It's hard to know without knowing what his budget was and whether any other stipulations were made on hires (such as being Australian).
Mick Byrne is the only assistant he's had who could be remotely considered world class.
Of course there's a reasonable chance that even with the right budget some of the right people wouldn't have wanted to work for Cheika.
Rugby Australia needs to think long and hard about this issue though. We're clearly not going to have the budget to recruit whoever we want as head coach and then meet their hiring preferences for the assistants. We've got to work out what we need to spend to be competitive though.
Yes.
Two things are for sure: One, RA, the Wallabies, Australian rugby as a whole, simply cannot afford a line of mediocre-to-awful Wallaby continuity from 2008 on that painfully inflects in 2019 and, best case, as trend, does not improve at all, or worst case, deteriorates further downward from 2018's and 2019's lows. There cannot be any more consistent performance down-trend lines and vast annual volatility in Wallaby w-l % terms, there simply
must be some marked improvement in sustained Wallaby outcomes or the code here will be seriously imperilled and there may be no arriving saviour. (It's conceivable that it all maybe too late in any event, too many debacles and, for paying fans and media buyers and other sponsors, just too many now deadened hopes and broken promises.)

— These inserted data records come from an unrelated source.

(* Let $k=2r+1$ with $r\geq1$ and $G=BS(1,k)$. Let $c_0(n)$ be the number of conjugacy classes of $G$ contained in the subgroup $\mathbb{Z}[1/k]$ whose length with respect to $\{a,t\}$ is $n$. Then the growth rate $\limsup_n c_0(n)^{1/n}$ of these conjugacy classes lies in the open interval $(\frac{4}{3},2)$.
   Context: $BS(1,k)=\langle a,t\mid tat^{-1}=a^k\rangle\cong \mathbb{Z}[1/k]\rtimes\mathbb{Z}$ via $a\mapsto(1,0)$, $t\mapsto(0,1)$, with the generator of $\mathbb{Z}$ acting by multiplication by $k$; $\mathbb{Z}[1/k]=\{(x,0)\}$ is a normal subgroup. The length of a conjugacy class is the minimal word length of its elements. The growth rate is the reciprocal of the radius of convergence of $\sum c_0(n)z^n$. *)

theory Defs
  imports "HOL-Analysis.Analysis"
begin

text \<open>BS(1,k) realised as Z[1/k] \<rtimes> Z: pairs (x, m) with x a k-adic rational,
  (x,m)(y,n) = (x + k^m y, m + n).  a = (1,0), t = (0,1).\<close>

definition Zk :: "nat \<Rightarrow> rat set" where
  "Zk k = {q. \<exists>p::int. \<exists>j::nat. q = of_int p / of_nat k ^ j}"

definition BS :: "nat \<Rightarrow> (rat \<times> int) set" where
  "BS k = {g. fst g \<in> Zk k}"

definition bs_mult :: "nat \<Rightarrow> rat \<times> int \<Rightarrow> rat \<times> int \<Rightarrow> rat \<times> int" where
  "bs_mult k g h = (fst g + (of_nat k) powi (snd g) * fst h, snd g + snd h)"

definition bs_inv :: "nat \<Rightarrow> rat \<times> int \<Rightarrow> rat \<times> int" where
  "bs_inv k g = (- ((of_nat k) powi (- snd g)) * fst g, - snd g)"

definition bs_one :: "rat \<times> int" where
  "bs_one = (0, 0)"

definition bs_a :: "rat \<times> int" where "bs_a = (1, 0)"
definition bs_t :: "rat \<times> int" where "bs_t = (0, 1)"

definition bs_gens :: "nat \<Rightarrow> (rat \<times> int) set" where
  "bs_gens k = {bs_a, bs_inv k bs_a, bs_t, bs_inv k bs_t}"

definition bs_eval :: "nat \<Rightarrow> (rat \<times> int) list \<Rightarrow> rat \<times> int" where
  "bs_eval k ws = foldr (bs_mult k) ws bs_one"

definition bs_wordlen :: "nat \<Rightarrow> rat \<times> int \<Rightarrow> nat" where
  "bs_wordlen k g = (LEAST n. \<exists>ws. length ws = n \<and> set ws \<subseteq> bs_gens k \<and> bs_eval k ws = g)"

definition bs_conjclass :: "nat \<Rightarrow> rat \<times> int \<Rightarrow> (rat \<times> int) set" where
  "bs_conjclass k g = {bs_mult k (bs_mult k h g) (bs_inv k h) | h. h \<in> BS k}"

definition bs_classlen :: "nat \<Rightarrow> (rat \<times> int) set \<Rightarrow> nat" where
  "bs_classlen k C = (LEAST n. \<exists>g\<in>C. bs_wordlen k g = n)"

definition c0 :: "nat \<Rightarrow> nat \<Rightarrow> nat" where
  "c0 k n = card {C. \<exists>g \<in> BS k. C = bs_conjclass k g \<and> C \<subseteq> {g' \<in> BS k. snd g' = 0}
                      \<and> bs_classlen k C = n}"

end

theory Submission
  imports Defs
begin

text \<open>A conjugacy class inside \<open>\<int>[1/k]\<close> is an orbit \<open>{k^m x | m}\<close>. Reading a word letter by
  letter, \<open>a\<^sup>\<plusminus>\<^sup>1\<close> changes the \<open>k\<close>-adic digit at the current position and \<open>t\<^sup>\<plusminus>\<^sup>1\<close> moves the
  position; so, up to scaling, every class of length \<open>n\<close> is the class of the value of a digit
  string \<open>d\<^sub>0 \<dots> d\<^sub>l\<close> of cost \<open>\<Sum>(\<bar>d\<^sub>i\<bar> + 2) \<le> n + 2\<close>. There are \<open>O(1.84^s)\<close> strings of cost at
  most \<open>s\<close>, which gives the upper bound. Conversely, the \<open>3^M\<close> strings \<open>1 d\<^sub>1 \<dots> d\<^sub>M\<close> with
  balanced digits \<open>d\<^sub>i \<in> {-1, 0, 1}\<close> have cost at most \<open>3M + 3\<close>, and for \<open>k \<ge> 3\<close> their values are
  pairwise distinct and prime to \<open>k\<close>, hence lie in distinct classes; so the growth rate is at
  least \<open>3^(1/3) > 4/3\<close>.\<close>

lemma bs_mult_assoc:
  assumes "k > 0"
  shows "bs_mult k (bs_mult k g h) l = bs_mult k g (bs_mult k h l)"
  using assms by (simp add: bs_mult_def algebra_simps power_int_add)

lemma bs_mult_one_left [simp]: "bs_mult k bs_one g = g"
  by (simp add: bs_mult_def bs_one_def)

lemma bs_eval_Nil [simp]: "bs_eval k [] = (0, 0)"
  by (simp add: bs_eval_def bs_one_def)

lemma bs_eval_Cons [simp]: "bs_eval k (g # ws) = bs_mult k g (bs_eval k ws)"
  by (simp add: bs_eval_def)

lemma bs_eval_append:
  assumes "k > 0"
  shows "bs_eval k (xs @ ys) = bs_mult k (bs_eval k xs) (bs_eval k ys)"
  by (induction xs) (simp_all add: bs_mult_assoc[OF assms] flip: bs_one_def)

lemma bs_gens_eq: "bs_gens k = {(1, 0), (-1, 0), (0, 1), (0, -1)}"
  by (simp add: bs_gens_def bs_inv_def bs_a_def bs_t_def)

definition bs_a_word :: "int \<Rightarrow> (rat \<times> int) list" where
  "bs_a_word p = replicate (nat \<bar>p\<bar>) (of_int (sgn p), 0)"

definition bs_t_word :: "int \<Rightarrow> (rat \<times> int) list" where
  "bs_t_word m = replicate (nat \<bar>m\<bar>) (0, sgn m)"

lemma bs_a_word:
  "bs_eval k (bs_a_word p) = (of_int p, 0)" "set (bs_a_word p) \<subseteq> bs_gens k"
  "length (bs_a_word p) = nat \<bar>p\<bar>"
proof -
  have "bs_eval k (replicate n (x, 0)) = (of_nat n * x, 0)" for n x
    by (induction n) (simp_all add: bs_mult_def algebra_simps)
  then show "bs_eval k (bs_a_word p) = (of_int p, 0)"
    by (simp add: bs_a_word_def sgn_if)
  show "set (bs_a_word p) \<subseteq> bs_gens k" "length (bs_a_word p) = nat \<bar>p\<bar>"
    by (auto simp: bs_a_word_def bs_gens_eq sgn_if)
qed

lemma bs_t_word:
  "bs_eval k (bs_t_word m) = (0, m)" "set (bs_t_word m) \<subseteq> bs_gens k"
proof -
  have "bs_eval k (replicate n (0, e)) = (0, int n * e)" for n e
    by (induction n) (simp_all add: bs_mult_def algebra_simps)
  then show "bs_eval k (bs_t_word m) = (0, m)"
    by (simp add: bs_t_word_def abs_mult_sgn)
  show "set (bs_t_word m) \<subseteq> bs_gens k"
    by (auto simp: bs_t_word_def bs_gens_eq sgn_if)
qed

lemma bs_generated:
  assumes "k > 0" "g \<in> BS k"
  shows "\<exists>ws. set ws \<subseteq> bs_gens k \<and> bs_eval k ws = g"
proof -
  obtain p j where pj: "fst g = of_int p / of_nat k ^ j"
    using assms(2) by (auto simp: BS_def Zk_def)
  let ?ws = "bs_t_word (- int j) @ bs_a_word p @ bs_t_word (int j + snd g)"
  have "bs_eval k ?ws = g"
    using assms(1) pj
    by (simp add: bs_eval_append bs_a_word bs_t_word bs_mult_def power_int_minus divide_inverse prod_eq_iff)
  then show ?thesis
    using bs_a_word(2) bs_t_word(2) by (intro exI[of _ ?ws]) auto
qed

lemma bs_wordlen_attained:
  assumes "k > 0" "g \<in> BS k"
  obtains ws where "length ws = bs_wordlen k g" "set ws \<subseteq> bs_gens k" "bs_eval k ws = g"
proof -
  have "\<exists>ws. length ws = bs_wordlen k g \<and> set ws \<subseteq> bs_gens k \<and> bs_eval k ws = g"
    unfolding bs_wordlen_def by (rule LeastI_ex) (use bs_generated[OF assms] in blast)
  then show ?thesis using that by blast
qed

lemma bs_wordlen_le:
  assumes "set ws \<subseteq> bs_gens k" "bs_eval k ws = g"
  shows "bs_wordlen k g \<le> length ws"
  unfolding bs_wordlen_def by (rule Least_le) (use assms in blast)

lemma bs_classlen_attained:
  assumes "g \<in> C"
  obtains h where "h \<in> C" "bs_wordlen k h = bs_classlen k C"
proof -
  have "\<exists>h\<in>C. bs_wordlen k h = bs_classlen k C"
    unfolding bs_classlen_def by (rule LeastI_ex) (use assms in blast)
  then show ?thesis using that by blast
qed

lemma bs_classlen_le:
  assumes "g \<in> C" "set ws \<subseteq> bs_gens k" "bs_eval k ws = g"
  shows "bs_classlen k C \<le> length ws"
proof -
  have "bs_classlen k C \<le> bs_wordlen k g"
    unfolding bs_classlen_def by (rule Least_le) (use assms in blast)
  also have "\<dots> \<le> length ws" by (rule bs_wordlen_le[OF assms(2,3)])
  finally show ?thesis .
qed

lemma powi_mult_of_int_mem_Zk: "of_nat k powi m * of_int v \<in> Zk k"
proof (cases "m \<ge> 0")
  case True
  then have "(of_nat k powi m * of_int v :: rat) = of_int (int k ^ nat m * v) / of_nat k ^ 0"
    by (simp add: power_int_def)
  then show ?thesis unfolding Zk_def by blast
next
  case False
  then have "(of_nat k powi m * of_int v :: rat) = of_int v / of_nat k ^ nat (-m)"
    by (simp add: power_int_def field_simps power_inverse)
  then show ?thesis unfolding Zk_def by blast
qed

lemma bs_mem_conjclass_self: "g \<in> bs_conjclass k g"
proof -
  have "bs_mult k (bs_mult k (0, 0) g) (bs_inv k (0, 0)) = g"
    by (cases g) (simp add: bs_mult_def bs_inv_def)
  moreover have "(0, 0) \<in> BS k"
    using powi_mult_of_int_mem_Zk[of k 0 0] by (simp add: BS_def)
  ultimately show ?thesis
    unfolding bs_conjclass_def by (intro CollectI exI[of _ "(0, 0)"]) simp
qed

lemma bs_conjclass_base:
  assumes "k > 0"
  shows "bs_conjclass k (x, 0) = {(of_nat k powi m * x, 0) | m. True}"
proof -
  have conj: "bs_mult k (bs_mult k h (x, 0)) (bs_inv k h) = (of_nat k powi (snd h) * x, 0)" for h
    using assms by (simp add: bs_mult_def bs_inv_def algebra_simps flip: power_int_add)
  have "(0, m) \<in> BS k" for m
    using powi_mult_of_int_mem_Zk[of k 0 0] by (simp add: BS_def)
  then have "(of_nat k powi m * x, 0) \<in> bs_conjclass k (x, 0)" for m
    unfolding bs_conjclass_def using conj[of "(0, m)"] by (intro CollectI exI[of _ "(0, m)"]) auto
  then show ?thesis
    unfolding bs_conjclass_def by (auto simp: conj)
qed

lemma bs_conjclass_base_scale:
  assumes "k > 0"
  shows "bs_conjclass k (of_nat k powi j * x, 0) = bs_conjclass k (x, 0)"
proof -
  have k: "(of_nat k :: rat) \<noteq> 0" using assms by simp
  have "(\<exists>m. y = of_nat k powi m * (of_nat k powi j * x)) \<longleftrightarrow> (\<exists>m. y = of_nat k powi m * x)"
    for y :: rat
  proof
    assume "\<exists>m. y = of_nat k powi m * (of_nat k powi j * x)"
    then show "\<exists>m. y = of_nat k powi m * x"
      using k by (metis mult.assoc power_int_add)
  next
    assume "\<exists>m. y = of_nat k powi m * x"
    then obtain m where "y = of_nat k powi m * x" by blast
    then have "y = of_nat k powi (m - j) * (of_nat k powi j * x)"
      using k by (simp add: power_int_diff)
    then show "\<exists>m. y = of_nat k powi m * (of_nat k powi j * x)" by blast
  qed
  then show ?thesis
    unfolding bs_conjclass_base[OF assms] by blast
qed

fun digit_val :: "nat \<Rightarrow> int list \<Rightarrow> int" where
  "digit_val k [] = 0"
| "digit_val k (d # ds) = d + int k * digit_val k ds"

definition digit_cost :: "int list \<Rightarrow> nat" where
  "digit_cost ds = (\<Sum>d\<leftarrow>ds. nat \<bar>d\<bar> + 2)"

lemma digit_cost_Nil [simp]: "digit_cost [] = 0"
  and digit_cost_Cons [simp]: "digit_cost (d # ds) = nat \<bar>d\<bar> + 2 + digit_cost ds"
  and digit_cost_append [simp]: "digit_cost (ds @ es) = digit_cost ds + digit_cost es"
  by (simp_all add: digit_cost_def)

lemma digit_val_append_zero [simp]: "digit_val k (ds @ [0]) = digit_val k ds"
  by (induction ds) auto

lemma digit_val_update:
  "i < length ds \<Longrightarrow> digit_val k (ds[i := ds ! i + e]) = digit_val k ds + e * int k ^ i"
proof (induction ds arbitrary: i)
  case (Cons d ds)
  then show ?case by (cases i) (auto simp: algebra_simps)
qed simp

lemma digit_cost_update:
  "i < length ds \<Longrightarrow> digit_cost (ds[i := ds ! i + e]) \<le> digit_cost ds + nat \<bar>e\<bar>"
proof (induction ds arbitrary: i)
  case (Cons d ds)
  then show ?case by (cases i) auto
qed simp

Two, all of the the available data from the last decade shows clearly, unambiguously, that the quality of elite coaching in pro rugby really, really, really matters in terms of delivering truly high performance, fan-building, and thus $ income building, team outcomes.
Accordingly RA had better find the funds from its not inconsiderable cash overheads to assemble the very best possible total new coaching team for the Wallabies as it clearly has only one more shot at getting this right, it has blown far too many chances to do so and we are at last chance saloon time, loud and fucking clear.
Finding, and not constraining, these funds - versus the strategically crazy model of 'who can we get for our badly constrained $ budget' - for the right coaching group is a thus a RA crucial priority, perhaps the crucial priority. The Rugby Foundation should wisely cease its quiet subsidisation of strategically ill-considered elite player salary packages and get its outlay priorities onto funding RA's ability to fund and support the very best possible elite rugby coaching group for the Wallabies.